One of the best-known binary classification is Logistic Regression. The goal is to predict whether the student can success admit to a program based on input features: GRE, GPA and Rank.
Data-set are provided at: https://github.com/finnstats/finnstats/blob/a9164a541ee2f4a830bfb66363ac3b7edc8b3449/binary.csv
library(rio)
library(tidyverse)
library(ggplot2)
library(caret)
raw_data=import("binary.csv")
str(raw_data)
## 'data.frame': 400 obs. of 4 variables:
## $ admit: int 0 1 1 1 0 1 1 0 1 0 ...
## $ gre : int 380 660 800 640 520 760 560 400 540 700 ...
## $ gpa : num 3.61 3.67 4 3.19 2.93 3 2.98 3.08 3.39 3.92 ...
## $ rank : int 3 3 1 4 4 2 1 2 3 2 ...
There is no NA cell. So that I can just do simple cleaning. Then create a contingency table from cross-classifying factors, to see if there are any special distribution.
raw_data$admit=as.factor(case_when(raw_data$admit==1~"Success",raw_data$admit==0~"Fail"))
raw_data$rank=as.factor(raw_data$rank)
xtabs(~admit+rank,raw_data)
## rank
## admit 1 2 3 4
## Fail 28 97 93 55
## Success 33 54 28 12
The table looks normal and no special distribution observed.

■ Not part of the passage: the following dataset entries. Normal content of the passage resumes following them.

lemma upper_inc_gamma_Suc_eq_erlang_tail:
  assumes "0 \<le> x"
  shows "upper_inc_gamma (real (Suc k)) x = fact k * erlang_tail k x"
proof -
  let ?f = "\<lambda>t::real. t ^ k * exp (- t) * indicator {x..} t"
  have "((\<lambda>t. - fact k * erlang_tail k t) has_real_derivative t ^ k * exp (- t)) (at t)" for t
    using DERIV_cmult[OF has_real_derivative_erlang_tail, of "- fact k" k t] by simp
  moreover have "((\<lambda>t. - fact k * erlang_tail k t) \<longlongrightarrow> 0) at_top"
    using tendsto_mult_right_zero[OF erlang_tail_tendsto_0, of "- fact k"] by simp
  ultimately have "(\<integral>\<^sup>+t. ennreal (t ^ k * exp (- t)) * indicator {x..} t \<partial>lborel)
      = ennreal (fact k * erlang_tail k x)"
    using assms by (subst nn_integral_FTC_atLeast[where T = 0]) auto
  then have "has_bochner_integral lborel ?f (fact k * erlang_tail k x)"
    using assms
    by (intro has_bochner_integral_nn_integral)
       (auto simp: erlang_tail_nonneg indicator_mult_ennreal mult.commute split: split_indicator)
  moreover have "upper_inc_gamma (real (Suc k)) x = (\<integral>t. ?f t \<partial>lborel)"
    unfolding upper_inc_gamma_def set_lebesgue_integral_def
    using AE_lborel_singleton[of 0] assms
    by (intro integral_cong_AE) (auto elim!: eventually_mono simp: powr_realpow split: split_indicator)
  ultimately show ?thesis by (simp add: has_bochner_integral_integral_eq)
qed

section \<open>Alzer's inequality for the Erlang tail\<close>

lemma one_minus_erlang_tail_le_power:
  assumes "0 \<le> x"
  shows "1 - erlang_tail k x \<le> x ^ Suc k / fact (Suc k)"
proof -
  let ?h = "\<lambda>x. x ^ Suc k / fact (Suc k) + erlang_tail k x"
  have "?h 0 \<le> ?h x"
  proof (rule DERIV_nonneg_imp_nondecreasing[OF assms])
    fix t :: real assume "0 \<le> t"
    have "(?h has_real_derivative t ^ k / fact k + - (t ^ k * exp (- t) / fact k)) (at t)"
      by (intro DERIV_add has_real_derivative_power_div_fact has_real_derivative_erlang_tail)
    moreover have "t ^ k * exp (- t) / fact k \<le> t ^ k / fact k"
      using \<open>0 \<le> t\<close> by (simp add: divide_right_mono mult_left_le)
    ultimately show "\<exists>d. (?h has_real_derivative d) (at t) \<and> 0 \<le> d"
      by force
  qed
  then show ?thesis by simp
qed

lemma one_minus_erlang_tail_le:
  assumes "0 \<le> x"
  shows "1 - erlang_tail k x \<le> (1 - exp (- x)) ^ Suc k"
proof (induction k)
  case 0
  then show ?case by (simp add: erlang_tail_def)
next
  case (Suc k)
  have "1 - erlang_tail (Suc k) x
      = (1 - exp (- x)) * (1 - erlang_tail k x)
        + exp (- x) * ((1 - erlang_tail k x) - x ^ Suc k / fact (Suc k))"
    by (simp add: erlang_tail_Suc algebra_simps)
  also have "\<dots> \<le> (1 - exp (- x)) * (1 - erlang_tail k x)"
    using one_minus_erlang_tail_le_power[OF assms, of k] by (simp add: mult_le_0_iff)
  also have "\<dots> \<le> (1 - exp (- x)) ^ Suc (Suc k)"
    using Suc assms by (simp add: mult_left_mono)
  finally show ?case .
qed

definition positive_persists :: "(real \<Rightarrow> real) \<Rightarrow> bool" where
  "positive_persists f \<longleftrightarrow> (\<forall>t y. 0 < t \<longrightarrow> t < y \<longrightarrow> 0 < f t \<longrightarrow> 0 < f y)"

lemma positive_persists_cong:
  assumes "\<And>t. 0 < t \<Longrightarrow> 0 < f t \<longleftrightarrow> 0 < g t"
  shows "positive_persists f \<longleftrightarrow> positive_persists g"
  using assms unfolding positive_persists_def by (meson order.strict_trans)

lemma positive_persists_rescale:
  assumes "positive_persists f" and "0 < b"
  shows "positive_persists (\<lambda>t. f (b * t))"
  using assms unfolding positive_persists_def by (metis mult_pos_pos mult_strict_left_mono)

lemma positive_persists_antiderivative:
  assumes "f 0 = 0"
    and deriv: "\<And>z. 0 \<le> z \<Longrightarrow> (f has_real_derivative f' z) (at z)"
    and persists: "positive_persists f'"
  shows "positive_persists f"
  unfolding positive_persists_def
proof (intro allI impI)
  fix t y :: real
  assume t: "0 < t" "t < y" "0 < f t"
  obtain z where z: "0 < z" "z < t" "f t - f 0 = (t - 0) * f' z"
    using MVT2[OF \<open>0 < t\<close>] deriv by force
  then have "0 < f' z"
    using t \<open>f 0 = 0\<close> by (simp add: zero_less_mult_iff)
  have "f t \<le> f y"
  proof (rule DERIV_nonneg_imp_nondecreasing[of t y f])
    fix w assume "t \<le> w" "w \<le> y"
    then have "0 < f' w"
      using persists \<open>0 < f' z\<close> z unfolding positive_persists_def by force
    then show "\<exists>d. (f has_real_derivative d) (at w) \<and> 0 \<le> d"
      using deriv[of w] \<open>t \<le> w\<close> t by force
  qed (use t in simp)
  then show "0 < f y"
    using t by simp
qed

lemma nonneg_if_derivative_changes_sign_once:
  fixes D D' :: "real \<Rightarrow> real"
  assumes deriv: "\<And>t. 0 \<le> t \<Longrightarrow> (D has_real_derivative D' t) (at t)"
    and once: "positive_persists (\<lambda>t. - D' t)"
    and "0 \<le> D 0" and lim: "(D \<longlongrightarrow> l) at_top" and "0 \<le> l" and "0 \<le> x"
  shows "0 \<le> D x"
proof (cases "\<exists>t. 0 < t \<and> t \<le> x \<and> D' t < 0")
  case False
  have "D 0 \<le> D x"
  proof (rule DERIV_nonneg_imp_increasing_open[of 0 x D, OF \<open>0 \<le> x\<close>])
    fix t assume "0 < t" "t < x"
    then have "0 \<le> D' t"
      using False by (meson less_eq_real_def not_le)
    then show "\<exists>d. (D has_real_derivative d) (at t) \<and> 0 \<le> d"
      using deriv[of t] \<open>0 < t\<close> by auto
  next
    show "continuous_on {0..x} D"
      using deriv by (intro continuous_at_imp_continuous_on ballI DERIV_isCont) auto
  qed
  then show ?thesis
    using \<open>0 \<le> D 0\<close> by simp
next
  case True
  then obtain t where t: "0 < t" "t \<le> x" "D' t < 0"
    by blast
  have "D y \<le> D x" if "x \<le> y" for y
  proof (rule DERIV_nonpos_imp_nonincreasing[of x y D, OF that])
    fix w assume w: "x \<le> w" "w \<le> y"
    have "D' w < 0"
    proof (cases "w = t")
      case False
      then show ?thesis
        using once t w unfolding positive_persists_def by force
    qed (use t in simp)
    then show "\<exists>d. (D has_real_derivative d) (at w) \<and> d \<le> 0"
      using deriv[of w] w t by force
  qed
  then have "l \<le> D x"
    by (intro tendsto_upperbound[OF lim]) (auto simp: eventually_at_top_linorder)
  then show ?thesis
    using \<open>0 \<le> l\<close> by simp
qed

definition alzer_gap :: "real \<Rightarrow> real \<Rightarrow> real" where
  "alzer_gap c z = exp (c * z) - exp ((c - 1) * z) - z"

lemma positive_persists_alzer_gap: "positive_persists (alzer_gap c)"
proof -
  \<comment> \<open>The second derivative has the sign of c^2 e^z - (c - 1)^2, which increases with z.\<close>
  define d1 where "d1 z = c * exp (c * z) - (c - 1) * exp ((c - 1) * z) - 1" for z
  define d2 where "d2 z = c\<^sup>2 * exp (c * z) - (c - 1)\<^sup>2 * exp ((c - 1) * z)" for z
  have d2_eq: "d2 z = exp ((c - 1) * z) * (c\<^sup>2 * exp z - (c - 1)\<^sup>2)" for z
    unfolding d2_def by (simp add: algebra_simps flip: exp_add)
  have d2_persists: "positive_persists d2"
    unfolding positive_persists_def
  proof (intro allI impI)
    fix t y :: real assume "0 < t" "t < y" "0 < d2 t"
    moreover have "c\<^sup>2 * exp t \<le> c\<^sup>2 * exp y"
      using \<open>t < y\<close> by (intro mult_left_mono) auto
    ultimately show "0 < d2 y"
      by (simp add: d2_eq zero_less_mult_iff)
  qed
  have d1_deriv: "(d1 has_real_derivative d2 z) (at z)" for z
    unfolding d1_def[abs_def] d2_def
    by (auto intro!: derivative_eq_intros simp: algebra_simps power2_eq_square)
  have d1_persists: "positive_persists d1"
    by (rule positive_persists_antiderivative[where f' = d2])
       (use d2_persists d1_deriv in \<open>auto simp: d1_def\<close>)
  have gap_deriv: "(alzer_gap c has_real_derivative d1 z) (at z)" for z
    unfolding alzer_gap_def[abs_def] d1_def
    by (auto intro!: derivative_eq_intros simp: algebra_simps)
  show ?thesis
    by (rule positive_persists_antiderivative[where f' = d1])
       (use d1_persists gap_deriv in \<open>auto simp: alzer_gap_def\<close>)
qed

lemma erlang_density_less_iff_alzer_gap:
  fixes b t :: real
  assumes "0 < k" "0 < b" "b ^ Suc k * fact (Suc k) = 1" "0 < t"
  shows "t ^ k * exp (- t) / fact k < real (Suc k) * (1 - exp (- (b * t))) ^ k * (b * exp (- (b * t)))
    \<longleftrightarrow> 0 < alzer_gap ((1 - b) / (b * real k)) (b * t)"
    (is "?f < ?g \<longleftrightarrow> _")
proof -
  \<comment> \<open>Multiplied by k! b^k e^(b t), the two sides become (z e^(-c z))^k and (1 - e^(-z))^k.\<close>
  define c where "c = (1 - b) / (b * real k)"
  define z where "z = b * t"
  define u where "u = z * exp (- (c * z))"
  define v where "v = 1 - exp (- z)"
  define P where "P = fact k * b ^ k * exp (b * t)"
  have "0 < z" "0 < P"
    using assms by (simp_all add: z_def P_def)
  have "real k * (c * z) = (1 - b) * t"
    using assms by (simp add: c_def z_def field_simps)
  then have "exp (- (c * z)) ^ k = exp (- t) * exp (b * t)"
    by (simp add: exp_of_nat_mult[symmetric] algebra_simps flip: exp_add)
  then have f: "?f * P = u ^ k"
    by (simp add: P_def u_def z_def power_mult_distrib)
  have "?g * P = (b ^ Suc k * fact (Suc k)) * v ^ k * (exp (- (b * t)) * exp (b * t))"
    by (simp add: P_def v_def z_def fact_Suc del: of_nat_Suc)
  also have "\<dots> = v ^ k"
    unfolding assms(3) by (simp flip: exp_add)
  finally have g: "?g * P = v ^ k" .
  have "?f < ?g \<longleftrightarrow> u ^ k < v ^ k"
    using \<open>0 < P\<close> f g by (metis mult_less_cancel_right_pos)
  also have "\<dots> \<longleftrightarrow> u < v"
  proof -
    have "0 \<le> u" "0 \<le> v"
      using \<open>0 < z\<close> by (simp_all add: u_def v_def)
    then show ?thesis
      using \<open>0 < k\<close> by (metis power_mono_iff not_le)
  qed
  also have "\<dots> \<longleftrightarrow> 0 < exp (c * z) * (v - u)"
    by (simp add: zero_less_mult_iff)
  also have "exp (c * z) * (v - u) = alzer_gap c z"
    by (simp add: u_def v_def alzer_gap_def algebra_simps flip: exp_add)
  finally show ?thesis
    by (simp add: c_def z_def)
qed

lemma positive_persists_alzer_density_gap:
  fixes b :: real
  assumes "0 < k" "0 < b" "b ^ Suc k * fact (Suc k) = 1"
  shows "positive_persists (\<lambda>t. real (Suc k) * (1 - exp (- (b * t))) ^ k * (b * exp (- (b * t)))
    - t ^ k * exp (- t) / fact k)"
    (is "positive_persists (\<lambda>t. ?g t - ?f t)")
proof -
  have "0 < ?g t - ?f t \<longleftrightarrow> 0 < alzer_gap ((1 - b) / (b * real k)) (b * t)" if "0 < t" for t
    using erlang_density_less_iff_alzer_gap[OF assms that] by linarith
  then have "positive_persists (\<lambda>t. ?g t - ?f t)
      \<longleftrightarrow> positive_persists (\<lambda>t. alzer_gap ((1 - b) / (b * real k)) (b * t))"
    by (rule positive_persists_cong)
  then show ?thesis
    using positive_persists_rescale[OF positive_persists_alzer_gap \<open>0 < b\<close>] by simp
qed

lemma erlang_tail_le_alzer:
  fixes b x :: real
  assumes "0 \<le> x" "0 < b" "b ^ Suc k * fact (Suc k) = 1"
  shows "erlang_tail k x \<le> 1 - (1 - exp (- (b * x))) ^ Suc k"
proof (cases "k = 0")
  case True
  then show ?thesis
    using assms by (simp add: erlang_tail_def)
next
  case False
  define f where "f t = t ^ k * exp (- t) / fact k" for t :: real
  define g where "g t = real (Suc k) * (1 - exp (- (b * t))) ^ k * (b * exp (- (b * t)))" for t :: real
  define D where "D t = (1 - erlang_tail k t) - (1 - exp (- (b * t))) ^ Suc k" for t
  have g_deriv: "((\<lambda>t. (1 - exp (- (b * t))) ^ Suc k) has_real_derivative g t) (at t)" for t
  proof -
    have "((\<lambda>t. 1 - exp (- (b * t))) has_real_derivative b * exp (- (b * t))) (at t)"
      by (auto intro!: derivative_eq_intros)
    from DERIV_power[OF this, of "Suc k"] show ?thesis
      by (simp add: g_def algebra_simps)
  qed
  have D_deriv: "(D has_real_derivative f t - g t) (at t)" for t
    unfolding D_def[abs_def] f_def
    using DERIV_diff[OF DERIV_diff[OF DERIV_const has_real_derivative_erlang_tail] g_deriv] by simp
  have D'_persists: "positive_persists (\<lambda>t. - (f t - g t))"
    using positive_persists_alzer_density_gap[OF _ assms(2,3)] False by (simp add: f_def g_def)
  have "LIM t at_top. - (b * t) :> at_bot"
    unfolding filterlim_uminus_at_top[symmetric]
    by (rule filterlim_tendsto_pos_mult_at_top[OF tendsto_const \<open>0 < b\<close> filterlim_ident])
  then have "((\<lambda>t. exp (- (b * t))) \<longlongrightarrow> 0) at_top"
    by (rule filterlim_compose[OF exp_at_bot])
  then have "(D \<longlongrightarrow> (1 - 0) - (1 - 0) ^ Suc k) at_top"
    unfolding D_def[abs_def] by (intro tendsto_diff tendsto_power tendsto_const erlang_tail_tendsto_0)
  then have D_lim: "(D \<longlongrightarrow> 0) at_top"
    by simp
  have "0 \<le> D x"
    by (rule nonneg_if_derivative_changes_sign_once[OF _ D'_persists _ D_lim])
       (use D_deriv \<open>0 \<le> x\<close> in \<open>auto simp: D_def\<close>)
  then show ?thesis
    by (simp add: D_def)
qed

model=glm(admit~gre+gpa+rank,data=raw_data,family="binomial")
summary(model)
##
## Call:
## glm(formula = admit ~ gre + gpa + rank, family = "binomial",
## data = raw_data)
##
## Deviance Residuals:
## Min 1Q Median 3Q Max
## -1.6268 -0.8662 -0.6388 1.1490 2.0790
##
## Coefficients:
## Estimate Std. Error z value Pr(>|z|)
## (Intercept) -3.989979 1.139951 -3.500 0.000465 ***
## gre 0.002264 0.001094 2.070 0.038465 *
## gpa 0.804038 0.331819 2.423 0.015388 *
## rank2 -0.675443 0.316490 -2.134 0.032829 *
## rank3 -1.340204 0.345306 -3.881 0.000104 ***
## rank4 -1.551464 0.417832 -3.713 0.000205 ***
## ---
## Signif. codes: 0 '***' 0.001 '**' 0.01 '*' 0.05 '.' 0.1 ' ' 1
##
## (Dispersion parameter for binomial family taken to be 1)
##
## Null deviance: 499.98 on 399 degrees of freedom
## Residual deviance: 458.52 on 394 degrees of freedom
## AIC: 470.52
##
## Number of Fisher Scoring iterations: 4
AIC is 470.52 and P-value are all less than 0.05. They are statistically significant. So lets continue.
result=data.frame(predict_pct=model$fitted.values,actual=raw_data$admit)
result=result %>% arrange(predict_pct)
result$rank=1:nrow(result)
ggplot(result)+geom_point(aes(x=rank,y=predict_pct,color=actual,shape=actual),alpha=0.5)+labs(title="Logistic Regression Model for Student Admission")+xlab("No.")+ylab("Probability")+theme_classic()
The plot look complicated to interpret. I will turn it into a confusion matrix. Here I assume the model prediction, with a probability > 0.5 mean “Success”, while <0.5 mean “Fail”.
result$predict= if_else(result$predict_pct>0.5,"Success","Fail")
confusionMatrix(as.factor(result$predict), result$actual,positive ="Success")
## Confusion Matrix and Statistics
##
## Reference
## Prediction Fail Success
## Fail 254 97
## Success 19 30
##
## Accuracy : 0.71
## 95% CI : (0.6628, 0.754)
## No Information Rate : 0.6825
## P-Value [Acc > NIR] : 0.1293
##
## Kappa : 0.1994
##
## Mcnemar's Test P-Value : 8.724e-13
##
## Sensitivity : 0.2362
## Specificity : 0.9304
## Pos Pred Value : 0.6122
## Neg Pred Value : 0.7236
## Prevalence : 0.3175
## Detection Rate : 0.0750
## Detection Prevalence : 0.1225
## Balanced Accuracy : 0.5833
##
## 'Positive' Class : Success
##
The Accuracy is 71% with 95% CI (66%, 75%). The result is fairly acceptable. But note that false negative number (97) is much greater than false positive number (19).